Considering some whole set I and a subset S with N = | S | elements, BBHash will compute a function f that maps S to some permutation {1, .., N} (which permutation is apparently implicitly determined by BBHash) and maps all other elements from i to the special Imax value of I.

Possible tests:

Given S and f, one can check whether the membership in S is correctly calculated for some arbitrary element of I.

You can also check that f (S) = {1, ..., N}.

I am assuming that the requested algorithm is designed to compute a set of samples S for N = 10 ^ 12 on the fly under a limited memory budget requiring a unique sequence of random numbers rather than monotonicity.

To quote fooobar.com/questions/47711 / ...

Probabilistic data structures cannot give you a definite answer, instead they provide you with a reasonable approximation of the answer and a way to approximate that estimate. They are extremely useful for big data and streaming applications as they allow you to significantly reduce the amount of memory you need (compared to the data structures that give you the exact answers).

In most cases, these data structures use hash functions to randomize items. Because they ignore collisions, they keep the size constant, but that's also the reason they can't give you an exact value.

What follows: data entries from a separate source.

definition close_returns :: "real \<Rightarrow> nat \<Rightarrow> nat \<Rightarrow> nat set" where
  "close_returns \<alpha> q m = {k \<in> {1..m}. dist_int (real k * \<alpha>) < 1 / (4 * real q)}"

(* If the first q - 1 multiples stay 1/(2q) away from the integers, two close returns are
   at least q apart, so k div q is injective on them and at most m div q of them occur. *)
lemma card_close_returns:
  fixes q m :: nat
  assumes q: "q \<ge> 1"
    and spaced: "\<And>k. 1 \<le> k \<Longrightarrow> k < q \<Longrightarrow> 1 / (2 * real q) \<le> dist_int (real k * \<alpha>)"
  shows "card (close_returns \<alpha> q m) \<le> m div q"
proof -
  let ?S = "close_returns \<alpha> q m"
  have gap: "1 / (4 * real q) + 1 / (4 * real q) = 1 / (2 * real q)" by simp
  have no_pair: "q \<le> k - j" if "j \<in> ?S" "k \<in> ?S" "j < k" for j k
  proof (rule ccontr)
    assume "\<not> q \<le> k - j"
    then have "1 / (2 * real q) \<le> dist_int (real (k - j) * \<alpha>)" using that by (intro spaced) auto
    also have "\<dots> \<le> dist_int (real k * \<alpha>) + dist_int (real j * \<alpha>)"
      using dist_int_diff[of "real k * \<alpha>" "real j * \<alpha>"] that(3) by (simp add: algebra_simps)
    also have "\<dots> < 1 / (2 * real q)" using that(1,2) gap by (simp add: close_returns_def)
    finally show False by simp
  qed
  have same_block: "k - j < q" if "j < k" "j div q = k div q" for j k :: nat
  proof -
    have "k div q * q \<le> j" "k = k div q * q + k mod q" "k mod q < q"
      using q div_times_less_eq_dividend[of j q] that(2) by simp_all
    then show ?thesis using that by linarith
  qed
  have "inj_on (\<lambda>k. k div q) ?S"
  proof (rule inj_onI, rule ccontr)
    fix j k assume jk: "j \<in> ?S" "k \<in> ?S" "j div q = k div q" "j \<noteq> k"
    then show False using no_pair same_block by (metis linorder_neqE_nat not_le)
  qed
  moreover have "(\<lambda>k. k div q) ` ?S \<subseteq> {1..m div q}"
  proof
    fix x assume "x \<in> (\<lambda>k. k div q) ` ?S"
    then obtain k where k: "k \<in> ?S" "x = k div q" by auto
    have "q \<le> k"
    proof (rule ccontr)
      assume "\<not> q \<le> k"
      then have "1 / (2 * real q) \<le> dist_int (real k * \<alpha>)" using k(1) by (intro spaced) (auto simp: close_returns_def)
      then show False using k(1) gap dist_int_nonneg[of "real k * \<alpha>"] by (simp add: close_returns_def)
    qed
    then have "1 \<le> x" using k(2) q by (simp add: div_greater_zero_iff Suc_le_eq)
    then show "x \<in> {1..m div q}" using k by (auto simp: close_returns_def div_le_mono)
  qed
  ultimately have "card ?S \<le> card {1..m div q}" by (rule card_inj_on_le) simp
  then show ?thesis by simp
qed

lemma prod_split_lower:
  fixes f :: "'a \<Rightarrow> real"
  assumes "finite A" "S \<subseteq> A" "\<And>k. k \<in> S \<Longrightarrow> a \<le> f k" "\<And>k. k \<in> A - S \<Longrightarrow> b \<le> f k"
    and "0 \<le> a" "0 \<le> b"
  shows "a ^ card S * b ^ (card A - card S) \<le> prod f A"
proof -
  have fin: "finite S" using assms(1,2) finite_subset by blast
  have "a ^ card S \<le> prod f S" using prod_mono[of S "\<lambda>_. a" f] assms(3,5) by simp
  moreover have "b ^ (card A - card S) \<le> prod f (A - S)"
    using prod_mono[of "A - S" "\<lambda>_. b" f] assms(4,6) card_Diff_subset[OF fin assms(2)] by simp
  ultimately have "a ^ card S * b ^ (card A - card S) \<le> prod f S * prod f (A - S)"
    using assms(5,6) by (intro mult_mono) (auto intro: order_trans[OF zero_le_power])
  also have "\<dots> = prod f A" by (metis prod.subset_diff[OF assms(2,1)] mult.commute)
  finally show ?thesis .
qed

(* Counting bound for one product: close returns contribute at least a each, all other
   factors at least 1/(4q) >= 1/(4n). *)
lemma D_lower_bound:
  fixes q n m :: nat and a :: real
  assumes q: "1 \<le> q" "q \<le> n"
    and spaced: "\<And>k. 1 \<le> k \<Longrightarrow> k < q \<Longrightarrow> 1 / (2 * real q) \<le> dist_int (real k * \<alpha>)"
    and uniform: "\<And>k. 1 \<le> k \<Longrightarrow> k \<le> n \<Longrightarrow> a \<le> dist_int (real k * \<alpha>)"
    and "0 \<le> a" "m \<le> n"
  shows "\<exists>c \<le> m div q. a ^ c * (1 / (4 * real n)) ^ (m - c) \<le> D \<alpha> m"
proof -
  let ?S = "close_returns \<alpha> q m"
  have "a ^ card ?S * (1 / (4 * real n)) ^ (card {1..m} - card ?S) \<le> (\<Prod>k=1..m. dist_int (real k * \<alpha>))"
  proof (rule prod_split_lower)
    show "a \<le> dist_int (real k * \<alpha>)" if "k \<in> ?S" for k
      using that \<open>m \<le> n\<close> by (intro uniform) (auto simp: close_returns_def)
    show "1 / (4 * real n) \<le> dist_int (real k * \<alpha>)" if "k \<in> {1..m} - ?S" for k
    proof -
      have "1 / (4 * real n) \<le> 1 / (4 * real q)" using q by (intro divide_left_mono) auto
      then show ?thesis using that by (auto simp: close_returns_def)
    qed
  qed (use \<open>0 \<le> a\<close> in \<open>auto simp: close_returns_def\<close>)
  then show ?thesis using card_close_returns[OF q(1) spaced] by (auto simp: D_def)
qed

lemma D_pair_lower_bound:
  fixes q n m :: nat and a :: real
  assumes q: "1 \<le> q" "q \<le> n"
    and spaced: "\<And>k. 1 \<le> k \<Longrightarrow> k < q \<Longrightarrow> 1 / (2 * real q) \<le> dist_int (real k * \<alpha>)"
    and uniform: "\<And>k. 1 \<le> k \<Longrightarrow> k \<le> n \<Longrightarrow> a \<le> dist_int (real k * \<alpha>)"
    and a: "0 \<le> a" and m: "m \<le> n"
  shows "\<exists>c. c * q \<le> n \<and> a ^ c * (1 / (4 * real n)) ^ (n - c) \<le> D \<alpha> m * D \<alpha> (n - m)"
proof -
  let ?b = "1 / (4 * real n)"
  obtain c1 where c1: "c1 \<le> m div q" "a ^ c1 * ?b ^ (m - c1) \<le> D \<alpha> m"
    using D_lower_bound[OF q spaced uniform a m] by blast
  obtain c2 where c2: "c2 \<le> (n - m) div q" "a ^ c2 * ?b ^ (n - m - c2) \<le> D \<alpha> (n - m)"
    using D_lower_bound[OF q spaced uniform a, of "n - m"] by auto
  have "c1 * q \<le> m" "c2 * q \<le> n - m"
    using c1(1) c2(1) div_times_less_eq_dividend le_trans mult_le_mono1 by blast+
  then have sum: "(c1 + c2) * q \<le> n" using m by (simp add: add_mult_distrib)
  have "c1 \<le> m" "c2 \<le> n - m" using c1(1) c2(1) by (meson div_le_dividend le_trans)+
  then have "n - (c1 + c2) = (m - c1) + (n - m - c2)" using m by linarith
  then have "a ^ (c1 + c2) * ?b ^ (n - (c1 + c2)) = (a ^ c1 * ?b ^ (m - c1)) * (a ^ c2 * ?b ^ (n - m - c2))"
    by (simp add: power_add algebra_simps)
  also have "\<dots> \<le> D \<alpha> m * D \<alpha> (n - m)"
    using c1(2) c2(2) a by (intro mult_mono) (auto simp: D_def dist_int_nonneg prod_nonneg)
  finally show ?thesis using sum by blast
qed

lemma nat_power_estimate:
  fixes n c :: nat
  assumes "2 \<le> n" "c \<le> n"
  shows "2 ^ c * 4 ^ (n - c) * n ^ (n - c) \<le> 2 ^ n * n ^ (2 * n)"
proof -
  have four: "(4::nat) ^ (n - c) = 2 ^ (n - c) * 2 ^ (n - c)"
    by (simp flip: power_mult_distrib)
  have two: "(2::nat) ^ c * 2 ^ (n - c) = 2 ^ n"
    using assms(2) by (simp flip: power_add)
  have "2 ^ c * 4 ^ (n - c) * n ^ (n - c) = 2 ^ n * (2 ^ (n - c) * n ^ (n - c))"
    unfolding four two[symmetric] by (simp add: mult_ac)
  also have "\<dots> \<le> 2 ^ n * (n ^ n * n ^ n)"
  proof -
    have "2 ^ (n - c) \<le> n ^ (n - c)" "n ^ (n - c) \<le> n ^ n"
      using assms by (intro power_mono power_increasing; simp)+
    then show ?thesis by (intro mult_le_mono2 mult_le_mono) auto
  qed
  also have "\<dots> = 2 ^ n * n ^ (2 * n)" by (simp add: mult_2 power_add)
  finally show ?thesis .
qed

lemma target_le_product:
  fixes n c q :: nat and Q :: real
  assumes n: "2 \<le> n" and q: "1 \<le> q" and c: "c * q \<le> n" and Q: "1 \<le> Q"
  shows "2 powr (- real n) * real n powr (- 2 * real n) * Q powr (- real n / real q)
         \<le> (1 / (2 * Q)) ^ c * (1 / (4 * real n)) ^ (n - c)"
proof -
  have cn: "c \<le> n" using c q by (metis le_trans mult_le_mono2 nat_mult_1_right)
  have "real c * real q \<le> real n" using c by (metis of_nat_le_iff of_nat_mult)
  then have "real c \<le> real n / real q" using q by (simp add: field_simps)
  then have "Q powr (- real n / real q) \<le> Q powr (- real c)" using Q by (intro powr_mono) auto
  also have "\<dots> = 1 / Q ^ c" using Q by (simp add: powr_minus powr_realpow divide_inverse)
  finally have Qc: "Q powr (- real n / real q) \<le> 1 / Q ^ c" .
  have two: "2 powr (- real n) = 1 / 2 ^ n" by (simp add: powr_minus powr_realpow divide_inverse)
  have pow_n: "real n powr (- 2 * real n) = 1 / real n ^ (2 * n)"
  proof -
    have "real n powr real (2 * n) = real n ^ (2 * n)" using n by (intro powr_realpow) simp
    moreover have "- 2 * real n = - real (2 * n)" by simp
    ultimately show ?thesis by (simp only: powr_minus divide_inverse mult_1)
  qed
  have "real (2 ^ c * 4 ^ (n - c) * n ^ (n - c)) \<le> real (2 ^ n * n ^ (2 * n))"
    using nat_power_estimate[OF n cn] by (simp only: of_nat_le_iff)
  then have estimate: "2 ^ c * 4 ^ (n - c) * real n ^ (n - c) \<le> 2 ^ n * real n ^ (2 * n)" by simp
  have pos: "0 < 2 ^ c * 4 ^ (n - c) * real n ^ (n - c) * Q ^ c" using n Q by simp
  have "2 powr (- real n) * real n powr (- 2 * real n) * Q powr (- real n / real q)
      \<le> 1 / 2 ^ n * (1 / real n ^ (2 * n)) * (1 / Q ^ c)"
    unfolding two pow_n using Qc by (intro mult_left_mono) auto
  also have "\<dots> = 1 / (2 ^ n * real n ^ (2 * n) * Q ^ c)" by simp
  also have "\<dots> \<le> 1 / (2 ^ c * 4 ^ (n - c) * real n ^ (n - c) * Q ^ c)"
    using pos estimate n Q by (intro divide_left_mono mult_right_mono) (auto intro!: mult_pos_pos)
  also have "\<dots> = (1 / (2 * Q)) ^ c * (1 / (4 * real n)) ^ (n - c)"
    by (simp add: power_mult_distrib power_divide)
  finally show ?thesis .
qed

lemma D_pair_lower_bound_powr:
  fixes q n m :: nat and Q :: real
  assumes q: "1 \<le> q" "q \<le> n" and Q: "1 \<le> Q"
    and spaced: "\<And>k. 1 \<le> k \<Longrightarrow> k < q \<Longrightarrow> 1 / (2 * real q) \<le> dist_int (real k * \<alpha>)"
    and uniform: "\<And>k. 1 \<le> k \<Longrightarrow> k \<le> n \<Longrightarrow> 1 / (2 * Q) \<le> dist_int (real k * \<alpha>)"
    and m: "m \<le> n"
  shows "2 powr (- real n) * real n powr (- 2 * real n) * Q powr (- real n / real q)
         \<le> D \<alpha> m * D \<alpha> (n - m)"
proof (cases "n = 1")
  case True
  then have "D \<alpha> m * D \<alpha> (n - m) = dist_int \<alpha>" using m by (cases m) (auto simp: D_def)
  moreover have "real n = 1" "real q = 1" using True q by simp_all
  ultimately show ?thesis using uniform[of 1] Q by (simp add: powr_neg_one)
next
  case False
  then have "2 \<le> n" using q by simp
  obtain c where c: "c * q \<le> n"
    and bound: "(1 / (2 * Q)) ^ c * (1 / (4 * real n)) ^ (n - c) \<le> D \<alpha> m * D \<alpha> (n - m)"
    using D_pair_lower_bound[OF q spaced uniform _ m] Q by auto
  show ?thesis using target_le_product[OF \<open>2 \<le> n\<close> q(1) c Q] bound by (rule order_trans)
qed

(* The theorem: the spacing properties hold with q = q_s and Q = q_{s+1} by (1). *)
theorem lemma3:
  fixes \<alpha> :: real and s n m :: nat
  assumes "\<alpha> \<notin> \<rat>"
    and "cf_q \<alpha> s \<le> int n" and "int n < cf_q \<alpha> (Suc s)"
    and "m \<le> n"
  shows "D \<alpha> m * D \<alpha> (n - m) \<ge>
    2 powr (- real n) * real n powr (- 2 * real n) *
    real_of_int (cf_q \<alpha> (Suc s)) powr (- real n / real_of_int (cf_q \<alpha> s))"
proof -
  define q where "q = nat (cf_q \<alpha> s)"
  define Q where "Q = real_of_int (cf_q \<alpha> (Suc s))"
  have q: "real q = real_of_int (cf_q \<alpha> s)" "1 \<le> q" "q \<le> n"
    using cf_q_pos[OF assms(1), of s] assms(2) by (auto simp: q_def)
  have Q: "1 \<le> Q" using assms(3) q by (simp add: Q_def)
  have spaced: "1 / (2 * real q) \<le> dist_int (real k * \<alpha>)" if "1 \<le> k" "k < q" for k
    using cf_dist_int_lower[OF assms(1), of k s] that q by (simp add: q_def)
  have uniform: "1 / (2 * Q) \<le> dist_int (real k * \<alpha>)" if "1 \<le> k" "k \<le> n" for k
    using cf_dist_int_lower[OF assms(1), of k "Suc s"] that assms(3) by (simp add: Q_def)
  show ?thesis
    using D_pair_lower_bound_powr[OF q(2,3) Q spaced uniform assms(4)] by (simp only: Q_def q(1))
qed

end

In the case of BBHash, a sequence of different hash functions h_i is used. Different h_i are applied until a collision occurs. This only works if the input is unique. It will only work if the implementation has sufficiently different h_i values ​​for a particular S.

+1


source


Let's call your universe random U values. First, that's a 64-bit signed integer range, so there are 2 ^ 64 possible values. Let's say the total number of sorted random values ​​needed to create the N you say is about 10 ^ 12.

Determine how reasonable the amount of memory is being used. Let's say your machine can allocate and use 1 GB without issue. These are 134,217,728 64-bit values. Call A (array size).

N / A = 7450.58 ... so round up to 7451 buckets and adjust A to ceiling (N / 7451) which is 134 210.173. Calculate R (bucket range) = U / 7451.

Loop over 7451 buckets (B):
    Generate 134,210,173 random values in the range (0..R),
    inserting them into the array as they are produced. Binary
    insertion should be reasonable (N*log(N), just like generating
    them all then sorting, but you can use the insertion to catch
    duplicates so you don't need extra memory or time for that).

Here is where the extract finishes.